=== Begin Enclosure ===
definition is_nhd :: "'a::topological_space set \<Rightarrow> 'a set \<Rightarrow> bool" where
  "is_nhd V S \<longleftrightarrow> (\<exists>U. open U \<and> S \<subseteq> U \<and> U \<subseteq> V)"

definition F_proper :: "('x::topological_space \<Rightarrow> 'g::topological_space \<Rightarrow> 'x) \<Rightarrow> 'x set \<Rightarrow> bool" where
  "F_proper act F \<longleftrightarrow>
     (\<forall>x. \<exists>Vx VF. is_nhd Vx {x} \<and> is_nhd VF F \<and> rel_compact_transp act VF Vx)"

end

theory Submission
  imports Defs
begin

lemma Hausdorff_space_euclidean_t2: "Hausdorff_space (euclidean :: 'a::t2_space topology)"
  unfolding Hausdorff_space_def by (metis disjnt_def hausdorff open_openin topspace_euclidean UNIV_I)

lemma paracompact_Hausdorff_imp_regular_space:
  assumes paracompact: "paracompact_space X" and Hausdorff: "Hausdorff_space X"
  shows "regular_space X"
  unfolding regular_space_def
proof (intro allI impI)
  fix C a
  assume Ca: "closedin X C \<and> a \<in> topspace X - C"
  define \<U> where "\<U> = insert (topspace X - C) {P. openin X P \<and> a \<notin> X closure_of P}"
  have open_\<U>: "\<forall>U\<in>\<U>. openin X U"
    using Ca unfolding \<U>_def by auto
  have "z \<in> \<Union>\<U>" if "z \<in> C" for z
  proof -
    have "z \<in> topspace X" "z \<noteq> a"
      using that Ca closedin_subset by blast+
    then obtain P R where "openin X P" "openin X R" "z \<in> P" "a \<in> R" "disjnt P R"
      using Hausdorff Ca unfolding Hausdorff_space_def by blast
    then have "P \<in> \<U>"
      unfolding \<U>_def by (metis disjnt_iff in_closure_of mem_Collect_eq insertCI)
    with \<open>z \<in> P\<close> show ?thesis by blast
  qed
  then have "\<Union>\<U> = topspace X"
    using open_\<U> openin_subset unfolding \<U>_def by blast
  then obtain \<W> where \<W>: "\<forall>W\<in>\<W>. openin X W" "\<Union>\<W> = topspace X"
    "\<forall>W\<in>\<W>. \<exists>U\<in>\<U>. W \<subseteq> U" "locally_finite_in X \<W>"
    using paracompact open_\<U> unfolding paracompact_space_def by metis
  define V where "V = \<Union>{W\<in>\<W>. W \<inter> C \<noteq> {}}"
  have "openin X V"
    unfolding V_def using \<W>(1) by blast
  have "C \<subseteq> V"
  proof
    fix z assume "z \<in> C"
    then obtain W where "W \<in> \<W>" "z \<in> W"
      using \<W>(2) Ca closedin_subset by blast
    with \<open>z \<in> C\<close> show "z \<in> V"
      unfolding V_def by blast
  qed
  have "a \<notin> X closure_of V"
  proof
    have "locally_finite_in X {W\<in>\<W>. W \<inter> C \<noteq> {}}"
      by (rule locally_finite_in_subset[OF \<W>(4)]) blast
    moreover assume "a \<in> X closure_of V"
    ultimately obtain W where W: "W \<in> \<W>" "W \<inter> C \<noteq> {}" "a \<in> X closure_of W"
      unfolding V_def by (auto simp: closure_of_locally_finite_Union)
    then obtain U where "U \<in> \<U>" "W \<subseteq> U"
      using \<W>(3) by blast
    moreover have "U \<noteq> topspace X - C"
      using W \<open>W \<subseteq> U\<close> by blast
    ultimately have "a \<notin> X closure_of U"
      unfolding \<U>_def by blast
    with W \<open>W \<subseteq> U\<close> show False
      using closure_of_mono by blast
  qed
  show "\<exists>U V. openin X U \<and> openin X V \<and> a \<in> U \<and> C \<subseteq> V \<and> disjnt U V"
  proof (intro exI conjI)
    show "openin X (topspace X - X closure_of V)"
      by (simp add: openin_diff)
    show "a \<in> topspace X - X closure_of V"
      using Ca \<open>a \<notin> X closure_of V\<close> by blast
    show "disjnt (topspace X - X closure_of V) V"
      using closure_of_subset[OF openin_subset[OF \<open>openin X V\<close>]] unfolding disjnt_def by blast
  qed fact+
qed

definition locally_finite_closed_refinement :: "'a topology \<Rightarrow> 'a set set \<Rightarrow> 'a set set \<Rightarrow> bool" where
  "locally_finite_closed_refinement X \<U> \<A> \<longleftrightarrow>
     (\<forall>A\<in>\<A>. closedin X A) \<and> \<Union>\<A> = topspace X \<and> (\<forall>A\<in>\<A>. \<exists>U\<in>\<U>. A \<subseteq> U) \<and>
     locally_finite_in X \<A>"

lemma locally_finite_closed_refinementD:
  assumes "locally_finite_closed_refinement X \<U> \<A>"
  shows "\<And>A. A \<in> \<A> \<Longrightarrow> closedin X A" "\<Union>\<A> = topspace X" "\<And>A. A \<in> \<A> \<Longrightarrow> \<exists>U\<in>\<U>. A \<subseteq> U"
    "locally_finite_in X \<A>"
  using assms unfolding locally_finite_closed_refinement_def by simp_all

lemma paracompact_space_closed_refinement:
  assumes paracompact: "paracompact_space X" and "Hausdorff_space X"
    and open_\<U>: "\<forall>U\<in>\<U>. openin X U" and cover_\<U>: "\<Union>\<U> = topspace X"
  shows "\<exists>\<Z>. locally_finite_closed_refinement X \<U> \<Z>"
proof -
  have regular: "regular_space X"
    using paracompact_Hausdorff_imp_regular_space assms by blast
  define \<V> where "\<V> = {V. openin X V \<and> (\<exists>U\<in>\<U>. X closure_of V \<subseteq> U)}"
  have open_\<V>: "\<forall>V\<in>\<V>. openin X V"
    unfolding \<V>_def by blast
  have "x \<in> \<Union>\<V>" if x: "x \<in> topspace X" for x
  proof -
    obtain U where U: "U \<in> \<U>" "x \<in> U"
      using x cover_\<U> by blast
    moreover have "closedin X (topspace X - U)"
      using U open_\<U> by blast
    ultimately obtain V where "openin X V" "x \<in> V" "disjnt (topspace X - U) (X closure_of V)"
      using regular x unfolding regular_space by blast
    moreover have "X closure_of V \<subseteq> U"
      using calculation(3) closure_of_subset_topspace[of X V] unfolding disjnt_def by blast
    ultimately show ?thesis
      using U unfolding \<V>_def by blast
  qed
  then have "\<Union>\<V> = topspace X"
    using open_\<V> openin_subset by blast
  then obtain \<W> where \<W>: "\<forall>W\<in>\<W>. openin X W" "\<Union>\<W> = topspace X"
    "\<forall>W\<in>\<W>. \<exists>V\<in>\<V>. W \<subseteq> V" "locally_finite_in X \<W>"
    using paracompact open_\<V> unfolding paracompact_space_def by metis
  show ?thesis
    unfolding locally_finite_closed_refinement_def
  proof (intro exI conjI)
    show "\<forall>Z\<in>(closure_of) X ` \<W>. closedin X Z"
      by auto
    have "W \<subseteq> X closure_of W" if "W \<in> \<W>" for W
      using that \<W>(1) by (simp add: closure_of_subset openin_subset)
    then have "topspace X \<subseteq> \<Union>((closure_of) X ` \<W>)"
      unfolding \<W>(2)[symmetric] by blast
    then show "\<Union>((closure_of) X ` \<W>) = topspace X"
      by (simp add: closure_of_subset_topspace subset_antisym UN_least)
    show "\<forall>Z\<in>(closure_of) X ` \<W>. \<exists>U\<in>\<U>. Z \<subseteq> U"
    proof
      fix Z assume "Z \<in> (closure_of) X ` \<W>"
      then obtain W V U where "Z = X closure_of W" "W \<subseteq> V" "U \<in> \<U>" "X closure_of V \<subseteq> U"
        using \<W>(3) unfolding \<V>_def by blast
      then show "\<exists>U\<in>\<U>. Z \<subseteq> U"
        by (meson closure_of_mono order_trans)
    qed
    show "locally_finite_in X ((closure_of) X ` \<W>)"
      using \<W>(4) by (rule locally_finite_in_closure)
  qed
qed

lemma closed_refinements_imp_paracompact_space:
  assumes refine: "\<And>\<U>. \<forall>U\<in>\<U>. openin X U \<Longrightarrow> \<Union>\<U> = topspace X \<Longrightarrow>
                      \<exists>\<A>. locally_finite_closed_refinement X \<U> \<A>"
  shows "paracompact_space X"
  unfolding paracompact_space_def
proof (intro allI impI, elim conjE)
  fix \<U> assume open_\<U>: "\<forall>U\<in>\<U>. openin X U" and cover_\<U>: "\<Union>\<U> = topspace X"
  obtain \<A> where "locally_finite_closed_refinement X \<U> \<A>"
    using refine[OF open_\<U> cover_\<U>] by blast
  then have \<A>: "\<forall>A\<in>\<A>. closedin X A" "\<Union>\<A> = topspace X" "\<forall>A\<in>\<A>. \<exists>U\<in>\<U>. A \<subseteq> U"
    "locally_finite_in X \<A>"
    unfolding locally_finite_closed_refinement_def by simp_all
  define \<W> where "\<W> = {W. openin X W \<and> finite {A\<in>\<A>. A \<inter> W \<noteq> {}}}"
  have open_\<W>: "\<forall>W\<in>\<W>. openin X W"
    unfolding \<W>_def by blast
  have cover_\<W>: "\<Union>\<W> = topspace X"
  proof
    show "\<Union>\<W> \<subseteq> topspace X"
      using openin_subset unfolding \<W>_def by blast
    show "topspace X \<subseteq> \<Union>\<W>"
      using \<A>(4) unfolding locally_finite_in_def \<W>_def by blast
  qed
  obtain \<C> where "locally_finite_closed_refinement X \<W> \<C>"
    using refine[OF open_\<W> cover_\<W>] by blast
  then have \<C>: "\<forall>C\<in>\<C>. closedin X C" "\<Union>\<C> = topspace X" "\<forall>C\<in>\<C>. \<exists>W\<in>\<W>. C \<subseteq> W"
    "locally_finite_in X \<C>"
    unfolding locally_finite_closed_refinement_def by simp_all
  \<comment> \<open>E A is an open neighbourhood of A meeting a member of \<C> only if A does; as each
    member of \<C> meets only finitely many members of \<A>, the E A form a locally finite family.\<close>
  define E where "E A = topspace X - \<Union>{C\<in>\<C>. C \<inter> A = {}}" for A
  have open_E: "openin X (E A)" for A
  proof -
    have "locally_finite_in X {C\<in>\<C>. C \<inter> A = {}}"
      by (rule locally_finite_in_subset[OF \<C>(4)]) blast
    then have "closedin X (\<Union>{C\<in>\<C>. C \<inter> A = {}})"
      by (intro closedin_locally_finite_Union) (use \<C>(1) in auto)
    then show ?thesis
      unfolding E_def by (simp add: openin_diff)
  qed
  obtain u where u: "\<And>A. A \<in> \<A> \<Longrightarrow> u A \<in> \<U> \<and> A \<subseteq> u A"
    using \<A>(3) by metis
  have A_E: "A \<subseteq> E A" if "A \<in> \<A>" for A
    using that \<A>(1) closedin_subset unfolding E_def by blast
  define \<V> where "\<V> = (\<lambda>A. E A \<inter> u A) ` \<A>"
  have cover_\<V>: "\<Union>\<V> = topspace X"
  proof
    show "\<Union>\<V> \<subseteq> topspace X"
      unfolding \<V>_def E_def by auto
    show "topspace X \<subseteq> \<Union>\<V>"
    proof
      fix x assume "x \<in> topspace X"
      then obtain A where "A \<in> \<A>" "x \<in> A"
        by (metis \<A>(2) UnionE)
      then show "x \<in> \<Union>\<V>"
        unfolding \<V>_def using A_E u by blast
    qed
  qed
  have "locally_finite_in X \<V>"
    unfolding locally_finite_in_def
  proof (intro conjI ballI)
    show "\<Union>\<V> \<subseteq> topspace X"
      by (simp add: cover_\<V>)
    fix x assume "x \<in> topspace X"
    then obtain N where N: "openin X N" "x \<in> N" "finite {C\<in>\<C>. C \<inter> N \<noteq> {}}"
      using \<C>(4) unfolding locally_finite_in_def by blast
    define S where "S = (\<Union>C\<in>{C\<in>\<C>. C \<inter> N \<noteq> {}}. {A\<in>\<A>. A \<inter> C \<noteq> {}})"
    have "finite {A\<in>\<A>. A \<inter> C \<noteq> {}}" if C: "C \<in> \<C>" for C
    proof -
      obtain W where "W \<in> \<W>" "C \<subseteq> W"
        using \<C>(3) C by blast
      then show ?thesis
        unfolding \<W>_def by (auto elim!: rev_finite_subset)
    qed
    then have "finite S"
      unfolding S_def using N(3) by blast
    moreover have "{V\<in>\<V>. V \<inter> N \<noteq> {}} \<subseteq> (\<lambda>A. E A \<inter> u A) ` S"
    proof
      fix V assume "V \<in> {V\<in>\<V>. V \<inter> N \<noteq> {}}"
      then obtain A z where A: "A \<in> \<A>" "V = E A \<inter> u A" "z \<in> V" "z \<in> N"
        unfolding \<V>_def by blast
      then obtain C where "C \<in> \<C>" "z \<in> C"
        unfolding \<C>(2)[symmetric] E_def by blast
      moreover have "C \<inter> A \<noteq> {}"
        using A calculation unfolding E_def by blast
      ultimately have "A \<in> S"
        unfolding S_def using A by blast
      then show "V \<in> (\<lambda>A. E A \<inter> u A) ` S"
        using A(2) by blast
    qed
    ultimately have "finite {V\<in>\<V>. V \<inter> N \<noteq> {}}"
      by (rule finite_surj)
    then show "\<exists>V. openin X V \<and> x \<in> V \<and> finite {U\<in>\<V>. U \<inter> V \<noteq> {}}"
      using N by blast
  qed
  moreover have "\<forall>V\<in>\<V>. openin X V"
    unfolding \<V>_def using open_E u open_\<U> by blast
  moreover have "\<forall>V\<in>\<V>. \<exists>U\<in>\<U>. V \<subseteq> U"
    unfolding \<V>_def using u by blast
  ultimately show "\<exists>\<V>. (\<forall>V\<in>\<V>. openin X V) \<and> \<Union>\<V> = topspace X \<and> (\<forall>V\<in>\<V>. \<exists>U\<in>\<U>. V \<subseteq> U) \<and>
                     locally_finite_in X \<V>"
    using cover_\<V> by blast
qed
=== End Enclosure ===
EXERCISE DETAILS: Your task is to write out, exactly, the line that holds "unfolding \<V>_def using open_E" and every line after it until the records end.

SOLUTION:
    unfolding \<V>_def using open_E u open_\<U> by blast
  moreover have "\<forall>V\<in>\<V>. \<exists>U\<in>\<U>. V \<subseteq> U"
    unfolding \<V>_def using u by blast
  ultimately show "\<exists>\<V>. (\<forall>V\<in>\<V>. openin X V) \<and> \<Union>\<V> = topspace X \<and> (\<forall>V\<in>\<V>. \<exists>U\<in>\<U>. V \<subseteq> U) \<and>
                     locally_finite_in X \<V>"
    using cover_\<V> by blast
qed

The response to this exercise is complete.